IDDQ Test under Leakage and Delay Variations: It is interesting to note that we can exploit the intrinsic dependencies of transistor and circuit leakage on clock frequency, temperature, and optimal body bias to distinguish between fast and defective ICs [23]. Transistor and circuit parameters can be correlated to achieve leakage-based testing solutions with improved sensitivity. Because of short-channel effect (SCE), reducing transistor effective channel length ( $L_{eff}$ ) lowers the threshold voltage. Consequently, it increases  $I_{OFF}$ and  $I_{DDO}$  but provides a higher maximum operating frequency  $(F_{MAX})$ . At high  $F_{MAX}$ , the high leakage might stem from the shorter channel length and lower threshold voltage. But at low  $F_{MAX}$ , the high leakage is most likely due to the faulty circuit. Therefore, a fixed  $I_{DDO}$  test limit is not enough for lowvoltage-scaled circuits. We can set an adjustable test limit based on  $I_{DDO}$  and  $F_{MAX}$  to establish a two-parameter test limit that distinguishes fast and slow die from those that are defective. Fig. 4 illustrates the relationship between quiescent current and maximum frequency. The  $I_{DDO}$  limit climbs as  $F_{MAX}$  increases. The defect dots show higher leakage than the proposed adjustable  $I_{DDQ}$  limit shown by the dashed line. When  $I_{DDQ}$  is high,  $F_{MAX}$  should be high, representing a fast IC. However, if  $F_{MAX}$  happens to be low when  $I_{DDQ}$  is high, the IC is most likely defective, and this situation is a prime candidate for failure analysis to determine what defects are actually present. The two-parameter test technique improves the effectiveness of  $I_{DDQ}$  testing for single-threshold, fast CMOS ICs. This test method was improved further to improve its sensitivity, using temperature or body bias.

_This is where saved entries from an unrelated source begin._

lemma stem_detector_bounds:
  assumes "0 < N" "N \<le> (int r)\<^sup>2" "int (length ls) \<le> N"
  shows "eval_term (T' \<union> set ls) x \<Longrightarrow>
      2 ^ s * N ^ (r * s) \<le> (if eval_term T' x then bpoly_eval (term_detector N r s ls) x else 0)"
    and "\<not> eval_term (T' \<union> set ls) x \<Longrightarrow>
      \<bar>if eval_term T' x then bpoly_eval (term_detector N r s ls) x else 0\<bar> \<le> N ^ (r * s)"
  using assms term_detector_eval_ge[of N r ls x s] abs_term_detector_eval_le[of N ls x r s]
  by (auto simp: eval_term_iff_lit_holds)

lemma ex_map_preimage:
  assumes "\<forall>y\<in>set ys. \<exists>x. f x = y \<and> P x"
  shows "\<exists>xs. map f xs = ys \<and> (\<forall>x\<in>set xs. P x)"
  using assms
proof (induction ys)
  case (Cons y ys)
  then obtain x xs where "f x = y" "P x" "map f xs = ys" "\<forall>x\<in>set xs. P x"
    by auto
  then show ?case
    by (intro exI[of _ "x # xs"]) simp
qed simp

lemma fully_expressive_decomposition:
  assumes expressive: "fully_expressive k F ts" and terms: "\<forall>T\<in>set ts. is_term n T"
    and eligible: "\<forall>p\<in>F. eligible n p"
  obtains ds where "map (\<lambda>(T', R, ls). T' \<union> set ls) ds = ts"
    and "\<forall>(T', R, ls)\<in>set ds. (T', R) \<in> F \<and> finite R \<and> fst ` set ls \<subseteq> R \<and> length ls \<le> 2 * k"
proof -
  have decompose: "\<exists>d. (\<lambda>(T', R, ls). T' \<union> set ls) d = T
      \<and> (\<lambda>(T', R, ls). (T', R) \<in> F \<and> finite R \<and> fst ` set ls \<subseteq> R \<and> length ls \<le> 2 * k) d"
    if T: "T \<in> set ts" for T
  proof -
    obtain T' R where stem: "(T', R) \<in> F" "valid_stem k T' T" "vars (T - T') \<subseteq> R"
      using expressive T unfolding fully_expressive_def by blast
    obtain ls where ls: "set ls = T - T'" "distinct ls"
      using terms T finite_distinct_list[of "T - T'"] by (auto simp: is_term_def)
    have "eligible n (T', R)"
      using eligible stem(1) by blast
    then have "finite R"
      unfolding eligible_def using finite_subset[of R "{..<n}"] by simp
    moreover have "length ls \<le> 2 * k"
      using stem(2) ls by (simp add: valid_stem_def distinct_card[symmetric])
    moreover have "T' \<union> set ls = T" "fst ` set ls \<subseteq> R"
      using stem ls by (auto simp: valid_stem_def vars_def)
    ultimately show ?thesis
      using stem(1) by (intro exI[of _ "(T', R, ls)"]) simp
  qed
  have "\<exists>ds. map (\<lambda>(T', R, ls). T' \<union> set ls) ds = ts
      \<and> (\<forall>(T', R, ls)\<in>set ds. (T', R) \<in> F \<and> finite R \<and> fst ` set ls \<subseteq> R \<and> length ls \<le> 2 * k)"
    using decompose by (intro ex_map_preimage) simp
  then obtain ds where "map (\<lambda>(T', R, ls). T' \<union> set ls) ds = ts"
    and "\<forall>(T', R, ls)\<in>set ds. (T', R) \<in> F \<and> finite R \<and> fst ` set ls \<subseteq> R \<and> length ls \<le> 2 * k"
    by blast
  then show thesis
    by (rule that)
qed

definition stem_detector_list ::
    "int \<Rightarrow> nat \<Rightarrow> nat \<Rightarrow> (trm \<times> nat set \<times> lit list) list \<Rightarrow> aug_poly" where
  "stem_detector_list N r s ds = concat (map (\<lambda>(T', R, ls). bpoly_augment T' R (term_detector N r s ls)) ds)"

lemma stem_detector_list_monomials:
  assumes ds: "\<forall>(T', R, ls)\<in>set ds. (T', R) \<in> F \<and> fst ` set ls \<subseteq> R"
    and mem: "(c, T', R, S) \<in> set (stem_detector_list N r s ds)"
  shows "(T', R) \<in> F \<and> S \<subseteq> R \<and> card S \<le> r * s"
proof -
  obtain T'' R'' ls where d: "(T'', R'', ls) \<in> set ds"
    and mem_d: "(c, T', R, S) \<in> set (bpoly_augment T'' R'' (term_detector N r s ls))"
    using mem unfolding stem_detector_list_def by auto
  have "bpoly_within R'' (r * s) (term_detector N r s ls)"
    using ds d by (auto intro: term_detector_within)
  with mem_d have "T' = T'' \<and> R = R'' \<and> S \<subseteq> R'' \<and> card S \<le> r * s"
    by (rule bpoly_augment_memD)
  with ds d show ?thesis
    by auto
qed

lemma stem_detector_list_weight:
  assumes "2 \<le> N" "\<forall>(T', R, ls)\<in>set ds. int (length ls) \<le> N"
  shows "(\<Sum>(c, m)\<leftarrow>stem_detector_list N r s ds. \<bar>c\<bar>) \<le> int (length ds) * (24 * N) ^ (r * s)"
  using assms(2)
proof (induction ds)
  case (Cons d ds)
  obtain T' R ls where [simp]: "d = (T', R, ls)"
    by (cases d)
  have "bpoly_weight (term_detector N r s ls) \<le> (24 * N) ^ (r * s)"
    using Cons.prems assms(1) by (intro term_detector_weight) simp_all
  with Cons show ?case
    by (simp add: stem_detector_list_def bpoly_augment_weight algebra_simps)
qed (simp add: stem_detector_list_def)

lemma stem_detector_list_eval:
  assumes "\<forall>(T', R, ls)\<in>set ds. finite R \<and> fst ` set ls \<subseteq> R"
  shows "(\<Sum>(c, T', R, S)\<leftarrow>stem_detector_list N r s ds. c * aug_mono_val T' S x)
    = (\<Sum>(T', R, ls)\<leftarrow>ds. if eval_term T' x then bpoly_eval (term_detector N r s ls) x else 0)"
  using assms
proof (induction ds)
  case (Cons d ds)
  obtain T' R ls where [simp]: "d = (T', R, ls)"
    by (cases d)
  have "bpoly_within R (r * s) (term_detector N r s ls)" "finite R"
    using Cons.prems by (simp_all add: term_detector_within)
  with Cons show ?case
    by (simp add: stem_detector_list_def bpoly_augment_eval)
qed (simp add: stem_detector_list_def)

lemma stem_detector_sum_threshold:
  assumes ds: "\<forall>(T', R, ls)\<in>set ds. int (length ls) \<le> N"
    and N: "2 \<le> N" "N \<le> (int r)\<^sup>2" and s: "2 * length ds \<le> 2 ^ s"
  shows "(\<exists>(T', R, ls)\<in>set ds. eval_term (T' \<union> set ls) x)
    \<longleftrightarrow> int (length ds) * N ^ (r * s) + 1
      \<le> (\<Sum>(T', R, ls)\<leftarrow>ds. if eval_term T' x then bpoly_eval (term_detector N r s ls) x else 0)"
proof (rule dominant_summand_threshold)
  show "1 \<le> N ^ (r * s)"
    using N by simp
  fix d assume d: "d \<in> set ds"
  obtain T' R ls where [simp]: "d = (T', R, ls)"
    by (cases d)
  have len: "int (length ls) \<le> N"
    using ds d by auto
  have "int (2 * length ds) \<le> int (2 ^ s)"
    using s by (simp only: of_nat_le_iff)
  then have "2 * int (length ds) * N ^ (r * s) \<le> 2 ^ s * N ^ (r * s)"
    using N by (simp add: mult_right_mono)
  also have "\<dots> \<le> (if eval_term T' x then bpoly_eval (term_detector N r s ls) x else 0)"
    if "eval_term (T' \<union> set ls) x"
    using stem_detector_bounds(1)[OF _ N(2) len that] N(1) by simp
  finally show "(\<lambda>(T', R, ls). eval_term (T' \<union> set ls) x) d \<Longrightarrow> 2 * int (length ds) * N ^ (r * s)
      \<le> (\<lambda>(T', R, ls). if eval_term T' x then bpoly_eval (term_detector N r s ls) x else 0) d"
    by simp
  show "\<not> (\<lambda>(T', R, ls). eval_term (T' \<union> set ls) x) d \<Longrightarrow>
      \<bar>(\<lambda>(T', R, ls). if eval_term T' x then bpoly_eval (term_detector N r s ls) x else 0) d\<bar> \<le> N ^ (r * s)"
    using stem_detector_bounds(2)[OF _ N(2) len] N(1) by simp
qed

lemma decomposed_dnf_aug_PTF:
  assumes ds: "\<forall>(T', R, ls)\<in>set ds. (T', R) \<in> F \<and> finite R \<and> fst ` set ls \<subseteq> R \<and> int (length ls) \<le> N"
    and N: "2 \<le> N" "N \<le> (int r)\<^sup>2" and s: "2 * length ds \<le> 2 ^ s"
  shows "aug_PTF F (r * s) (real (length ds) * real_of_int ((24 * N) ^ (r * s)))
    (\<lambda>x. \<exists>(T', R, ls)\<in>set ds. eval_term (T' \<union> set ls) x)"
proof (rule aug_PTF_of_list[where L = "stem_detector_list N r s ds" and \<theta> = "real (length ds) * N ^ (r * s) + 1"])
  have "\<forall>(T', R, ls)\<in>set ds. (T', R) \<in> F \<and> fst ` set ls \<subseteq> R"
    using ds by (simp add: case_prod_beta)
  then show "\<forall>(c, T', R, S)\<in>set (stem_detector_list N r s ds). (T', R) \<in> F \<and> S \<subseteq> R \<and> card S \<le> r * s"
    by (auto dest: stem_detector_list_monomials)
  have lengths: "\<forall>(T', R, ls)\<in>set ds. int (length ls) \<le> N"
    using ds by (simp add: case_prod_beta)
  then have "(\<Sum>(c, m)\<leftarrow>stem_detector_list N r s ds. \<bar>c\<bar>) \<le> int (length ds) * (24 * N) ^ (r * s)"
    using N(1) by (intro stem_detector_list_weight)
  then have "real_of_int (\<Sum>(c, m)\<leftarrow>stem_detector_list N r s ds. \<bar>c\<bar>)
      \<le> real_of_int (int (length ds) * (24 * N) ^ (r * s))"
    by (simp only: of_int_le_iff)
  then show "real_of_int (\<Sum>(c, m)\<leftarrow>stem_detector_list N r s ds. \<bar>c\<bar>)
      \<le> real (length ds) * real_of_int ((24 * N) ^ (r * s))"
    by simp
  have "\<forall>(T', R, ls)\<in>set ds. finite R \<and> fst ` set ls \<subseteq> R"
    using ds by (simp add: case_prod_beta)
  then have "(\<Sum>(c, T', R, S)\<leftarrow>stem_detector_list N r s ds. c * aug_mono_val T' S x)
      = (\<Sum>(T', R, ls)\<leftarrow>ds. if eval_term T' x then bpoly_eval (term_detector N r s ls) x else 0)" for x
    by (rule stem_detector_list_eval)
  moreover have "real (length ds) * N ^ (r * s) + 1 = real_of_int (int (length ds) * N ^ (r * s) + 1)"
    by simp
  ultimately show "\<forall>x. (\<exists>(T', R, ls)\<in>set ds. eval_term (T' \<union> set ls) x)
      \<longleftrightarrow> real (length ds) * N ^ (r * s) + 1
        \<le> real_of_int (\<Sum>(c, T', R, S)\<leftarrow>stem_detector_list N r s ds. c * aug_mono_val T' S x)"
    using stem_detector_sum_threshold[OF lengths N s] by (simp only: of_int_le_iff simp_thms)
qed

lemma dnf_aug_PTF:
  assumes k: "length ts = k" and terms: "\<forall>T\<in>set ts. is_term n T"
    and eligible: "\<forall>p\<in>F. eligible n p" and expressive: "fully_expressive k F ts"
    and r: "2 * k \<le> r\<^sup>2" and s: "2 * k \<le> 2 ^ s"
  shows "aug_PTF F (r * s) (real k * (48 * real k) ^ (r * s)) (dnf_eval ts)"
proof (cases "k = 0")
  case True
  then have "dnf_eval ts = (\<lambda>x. False)"
    using k by (auto simp: dnf_eval_def)
  with True show ?thesis
    by (intro aug_PTF_of_list[where L = "[]" and \<theta> = 1]) simp_all
next
  case False
  obtain ds where ts: "map (\<lambda>(T', R, ls). T' \<union> set ls) ds = ts"
    and ds: "\<forall>(T', R, ls)\<in>set ds. (T', R) \<in> F \<and> finite R \<and> fst ` set ls \<subseteq> R \<and> length ls \<le> 2 * k"
    using fully_expressive_decomposition[OF expressive terms eligible] by blast
  have "dnf_eval ts = (\<lambda>x. \<exists>(T', R, ls)\<in>set ds. eval_term (T' \<union> set ls) x)"
    unfolding dnf_eval_def ts[symmetric] by (simp add: case_prod_beta)
  moreover have "length ds = k"
    using ts k by auto
  moreover have "\<forall>(T', R, ls)\<in>set ds. (T', R) \<in> F \<and> finite R \<and> fst ` set ls \<subseteq> R \<and> int (length ls) \<le> 2 * int k"
    using ds by (auto simp: case_prod_beta)
  moreover have "int (2 * k) \<le> int (r\<^sup>2)"
    using r by linarith
  ultimately show ?thesis
    using decomposed_dnf_aug_PTF[of ds F "2 * int k" r s] False s by simp
qed

section \<open>Degree and weight\<close>

lemma real_nat_ceiling_le: "0 \<le> x \<Longrightarrow> real (nat \<lceil>x\<rceil>) \<le> x + 1"
  using ceiling_correct[of x] by linarith

lemma le_nat_ceiling_sqrt_sq: "m \<le> (nat \<lceil>sqrt (real m)\<rceil>)\<^sup>2"
proof -
  have "sqrt (real m) ^ 2 \<le> real (nat \<lceil>sqrt (real m)\<rceil>) ^ 2"
    by (intro power_mono real_nat_ceiling_ge) simp
  then have "real m \<le> real ((nat \<lceil>sqrt (real m)\<rceil>)\<^sup>2)"
    by (simp only: real_sqrt_pow2 of_nat_0_le_iff of_nat_power)
  then show ?thesis
    by (simp only: of_nat_le_iff)
qed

Improvement in Leakage Yield: Interestingly, low leakage design techniques sometimes help to reduce the leakage spread too, thus improving the leakage yield. For example, the Shannon decomposition based supply gating technique [27] (SBS) discussed in Section 2 can also improve the parametric yield due to leakage variability. Since the SBS can reduce the maximum  $I_{DDQ}$  significantly even in fast process corner, it is possible to salvage previously failing chips. Similarly, reverse body biasing technique for improving leakage can also help in increasing leakage yield by squeezing the leakage distribution [15].

#### 3.2 Avoidance of Variation-Induced Failures

A new paradigm to design low-power circuits under process variation, referred as CRISTA [19], is based on the concept of avoiding delay failures with clever synthesis. CRISTA makes a circuit amenable to aggressive voltage scaling, while being robust to parametric failures by using a synthesis technique that 1) isolates and predicts the set of possible paths that may become critical under process variations, 2) ensures they are activated rarely, and 3) tolerates any delay failures in the set of critical paths by adaptively operating in two-cycles (assuming all standard operations are single cycle). It employs the notion of critical path isolation that indicates confinement of critical paths of a design to few known logic blocks. This is accomplished by partitioning a circuit into multiple cofactors using Shannon decomposition and then using gate-sizing to create appropriate timing margins between cofactors. Any



Figure 5: a) Hierarchical expansion and sizing of cofactors resulting in b) desired path delay distribution for failure avoidance (shown for a MCNC benchmark) [19].

delay errors (that may occur under a single cycle operation) are predicted dynamically by decoding a small set of inputs and are avoided with two-cycle operations. Fig. 5(a) shows the partitioning and gate sizing steps in the synthesis process and Fig. 5(b) plots the skewed path delay distribution of critical and non-critical blocks of an MCNC benchmark after the synthesis step. Simulation results show that the technique can achieve about 60% average power saving under yield constraint at moderate area overhead [19].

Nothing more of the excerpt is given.